## Aim of the task
The answer must consist only of the lines from the line with "using switch_walk_adjacent_coupling[OF that]" to the line with "1))) / (real", both included, exactly as they stand below.

BEGIN Data for the task

lemma comp_pred_n_All_nth_code:
  assumes P: "comp_pred_n X 2 (\<lambda>ys. P (ys ! 0) (ys ! 1))"
    and B: "comp_fun_n X k B" and C: "comp_fun_n X k C"
  shows "comp_pred_n X k (\<lambda>xs. \<forall>j<length_code (B xs). P (nth_code j (B xs)) (C xs))"
proof -
  have "comp_pred_n X (Suc k) (\<lambda>ys. P (nth_code (ys ! 0) (B (tl ys))) (C (tl ys)))"
    using P unfolding comp_pred_n_def
    by (rule comp_fun_n_comp2[where g="\<lambda>a b. if P a b then 1 else 0"])
      (intro comp_fun_n_nth_code comp_fun_n_Proj comp_fun_n_tl_arg B C; simp)+
  from comp_pred_n_All_less[OF this comp_fun_n_length_code[OF B]] show ?thesis
    by simp
qed

lemma comp_pred_n_tagged_atom_test:
  assumes "comp_set X (rel_diag L S)" "comp_set X (rel_diag L T)"
    and "comp_fun X (fun_table L S)" "comp_fun X (fun_table L T)"
    and "comp_fun_n X k A" "comp_fun_n X k B"
  shows "comp_pred_n X k (\<lambda>xs. tagged_atom_test L S T (A xs) (B xs))"
proof -
  have "comp_pred_n X 2 (\<lambda>ys. tag (ys ! 0) = ys ! 1)"
    by (intro comp_pred_n_eq comp_fun_n_tag comp_fun_n_Proj) simp_all
  then have same_tag: "comp_pred_n X k
      (\<lambda>xs. \<forall>j<length_code (B xs). tag (nth_code j (B xs)) = tag (hd_code (B xs)))"
    using assms(6) by (intro comp_pred_n_All_nth_code comp_fun_n_tag comp_fun_n_hd_code)
  have elt: "comp_fun X elt"
    unfolding comp_fun_iff_comp_fun_n by (intro comp_fun_n_elt comp_fun_n_Proj) simp
  show ?thesis
    unfolding tagged_atom_test_def mem_rel_diag_summand fun_table_summand
    by (intro comp_pred_n_If comp_pred_n_conj comp_pred_n_eq comp_pred_n_mem same_tag assms
        comp_fun_n_If comp_fun_n_comp_fun[OF assms(3)] comp_fun_n_comp_fun[OF assms(4)]
        comp_fun_n_Suc comp_fun_n_prod_encode comp_fun_n_map_code[OF elt] comp_fun_n_tag
        comp_fun_n_elt comp_fun_n_nth_code comp_fun_n_hd_code comp_fun_n_tl_code
        comp_fun_n_sym_kind comp_fun_n_sym_index comp_fun_n_const)
qed

lemma comp_set_rel_diag_tagged_sum:
  assumes "comp_sig L" and "comp_struc L S" and "comp_struc L T"
  shows "comp_set {} (rel_diag (tagged_sig L) (tagged_sum S T))"
proof -
  have L: "comp_set {} (rels (tagged_sig L))" "comp_fun {} (rar (tagged_sig L))"
    using comp_sig_tagged_sig[OF assms(1)] by (simp_all add: comp_sig_def)
  have S: "comp_set {} (univ S)" "comp_set {} (rel_diag L S)" "comp_fun {} (fun_table L S)"
    and T: "comp_set {} (univ T)" "comp_set {} (rel_diag L T)" "comp_fun {} (fun_table L T)"
    using assms(2,3) by (simp_all add: comp_struc_def)
  have "comp_pred_n {} 2 (\<lambda>ys. ys ! 0 \<in> univ (tagged_sum S T))"
    by (intro comp_pred_n_mem comp_set_univ_tagged_sum S(1) T(1) comp_fun_n_Proj) simp
  note all_univ = comp_pred_n_All_nth_code[OF this _ comp_fun_n_const[of _ _ 0]]
  have "comp_pred_n {} 1 (\<lambda>xs. xs ! 0 \<in> rel_diag (tagged_sig L) (tagged_sum S T))"
    unfolding mem_rel_diag_tagged_sum_iff_code
    by (intro comp_pred_n_conj comp_pred_n_not comp_pred_n_eq comp_pred_n_mem L
        all_univ comp_pred_n_tagged_atom_test S(2,3) T(2,3)
        comp_fun_n_comp_fun[OF L(2)] comp_fun_n_length_code comp_fun_n_hd_code comp_fun_n_tl_code
        comp_fun_n_Proj comp_fun_n_const) simp_all
  then show ?thesis
    unfolding comp_set_iff_comp_pred_n .
qed

lemma comp_struc_tagged_sum:
  assumes "comp_sig L" and "comp_struc L S" and "comp_struc L T"
  shows "comp_struc (tagged_sig L) (tagged_sum S T)"
proof -
  obtain x where "x \<in> univ S"
    using assms(2) by (auto simp: comp_struc_def wf_struc_def)
  then have "tagged 0 x \<in> univ (tagged_sum S T)"
    by (simp add: mem_univ_tagged_sum)
  then have "wf_struc (tagged_sig L) (tagged_sum S T)"
    unfolding wf_struc_def by auto
  moreover have "comp_set {} (univ (tagged_sum S T))"
    using assms(2,3) by (intro comp_set_univ_tagged_sum) (simp_all add: comp_struc_def)
  moreover have "fun_table (tagged_sig L) (tagged_sum S T) = (\<lambda>n. 0)"
    by (auto simp: fun_table_def split: list.split)
  then have "comp_fun {} (fun_table (tagged_sig L) (tagged_sum S T))"
    by (simp add: comp_fun_iff_comp_fun_n comp_fun_n_const)
  ultimately show ?thesis
    using comp_set_rel_diag_tagged_sum[OF assms] by (simp add: comp_struc_def)
qed

theorem proposition3p4:
  fixes D :: "nat set"
  shows "low_for_embeddings D \<longleftrightarrow> low_for_biembeddings D"
proof
  assume "low_for_embeddings D"
  then show "low_for_biembeddings D"
    unfolding low_for_embeddings_def low_for_biembeddings_def biemb_X_def by blast
next
  assume low: "low_for_biembeddings D"
  show "low_for_embeddings D"
    unfolding low_for_embeddings_def
  proof (intro allI impI)
    fix L A B
    assume comp: "comp_sig L \<and> comp_struc L A \<and> comp_struc L B" and "emb_X D L A B"
    then have wf: "wf_struc L A" "wf_struc L B"
      by (simp_all add: comp_struc_def)
    have "biemb_X D (tagged_sig L) (tagged_sum A B) (tagged_sum B B)"
      using wf \<open>emb_X D L A B\<close> by (rule biemb_X_tagged_sum)
    moreover have "comp_sig (tagged_sig L)"
      "comp_struc (tagged_sig L) (tagged_sum A B)" "comp_struc (tagged_sig L) (tagged_sum B B)"
      using comp by (simp_all add: comp_sig_tagged_sig comp_struc_tagged_sum)
    ultimately have "biemb_X {} (tagged_sig L) (tagged_sum A B) (tagged_sum B B)"
      using low unfolding low_for_biembeddings_def by blast
    then show "emb_X {} L A B"
      unfolding biemb_X_def using emb_X_from_tagged_sum[OF wf(1)] by blast
  qed
qed

end
lemma transport_dist_switch_walk_le:
  assumes MN: "M + 1 \<le> n choose 2" and G1: "G1 \<in> graphs_M n M" and G2: "G2 \<in> graphs_M n M"
  shows "transport_dist (graphs_M n M) (switch_adj n) (switch_walk n M G1) (switch_walk n M G2)
           \<le> real (card (G1 - G2)) * (real ((M - 1) * ((n choose 2) - (M + 1))) * switch_prob n M)"
proof -
  let ?V = "graphs_M n M"
  let ?d = "\<lambda>u v. real (gdist ?V (switch_adj n) u v)"
  have "\<exists>A\<in>couplings ?V (switch_walk n M G1) (switch_walk n M G2).
          coupling_cost ?V ?d A \<le> real (card (G1 - G2)) * (real ((M - 1) * ((n choose 2) - (M + 1))) * switch_prob n M)"
  proof (rule coupling_along_walk[OF finite_graphs_M])
    show "?d u w \<le> ?d u v + ?d v w" if "u \<in> ?V" "v \<in> ?V" "w \<in> ?V" for u v w
      using that card_Diff_triangle[OF graphs_M_finite[OF that(1)] graphs_M_finite[OF that(2)], of w]
      by (simp add: gdist_graphs_M)
    show "?d u u = 0" if "u \<in> ?V" for u using that by (simp add: gdist_graphs_M)
    show "switch_walk n M u v \<ge> 0" for u v using MN unfolding switch_walk_def by simp
    show "\<exists>A\<in>couplings ?V (switch_walk n M u) (switch_walk n M v).
            coupling_cost ?V ?d A \<le> real ((M - 1) * ((n choose 2) - (M + 1))) * switch_prob n M"
      if "u \<in> ?V" "switch_adj n u v" for u v
      using switch_walk_adjacent_coupling[OF that] MN by simp
    show "walk ?V (switch_adj n) (card (G1 - G2)) G1 G2" by (rule walk_card_Diff[OF G1 G2])
  qed
  then show ?thesis using transport_dist_le_coupling_cost order_trans by blast
qed

lemma one_minus_switch_cost_eq:
  assumes "1 \<le> M" "M + 1 \<le> N"
  shows "1 - real ((M - 1) * (N - (M + 1))) / (real M * (real N - real M) + 1)
           = real N / (real M * (real N - real M) + 1)"
proof -
  have "real M * (real N - real M) \<ge> 0" using assms by simp
  moreover have "real ((M - 1) * (N - (M + 1))) = (real M - 1) * (real N - real M - 1)"
    using assms by (simp add: of_nat_diff)
  ultimately show ?thesis by (simp add: field_simps)
qed

theorem mainTheorem6:
  fixes n M :: nat
  assumes "n \<ge> 2" and "1 \<le> M" and "M \<le> (n choose 2) - 1"
    and "G1 \<in> graphs_M n M" and "G2 \<in> graphs_M n M" and "G1 \<noteq> G2"
  shows "ollivier_ricci (graphs_M n M) (switch_adj n) (switch_walk n M) G1 G2
           \<ge> real (n choose 2) / (real M * (real (n choose 2) - real M) + 1)"
proof -
  have MN: "M + 1 \<le> n choose 2" using assms(2,3) by linarith
  have "card (G1 - G2) > 0"
    using assms(4-6) graphs_M_eqI graphs_M_finite by (metis card_gt_0_iff finite_Diff)
  then have "transport_dist (graphs_M n M) (switch_adj n) (switch_walk n M G1) (switch_walk n M G2)
               / real (gdist (graphs_M n M) (switch_adj n) G1 G2)
             \<le> real ((M - 1) * ((n choose 2) - (M + 1))) * switch_prob n M"
    using transport_dist_switch_walk_le[OF MN assms(4,5)] gdist_graphs_M[OF assms(4,5)]
    by (simp add: divide_le_eq mult.commute)
  then show ?thesis
    using one_minus_switch_cost_eq[OF assms(2) MN]
    unfolding ollivier_ricci_def switch_prob_def by simp
qed

end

END Data for the task

## Answer to this task
      using switch_walk_adjacent_coupling[OF that] MN by simp
    show "walk ?V (switch_adj n) (card (G1 - G2)) G1 G2" by (rule walk_card_Diff[OF G1 G2])
  qed
  then show ?thesis using transport_dist_le_coupling_cost order_trans by blast
qed

lemma one_minus_switch_cost_eq:
  assumes "1 \<le> M" "M + 1 \<le> N"
  shows "1 - real ((M - 1) * (N - (M + 1))) / (real M * (real N - real M) + 1)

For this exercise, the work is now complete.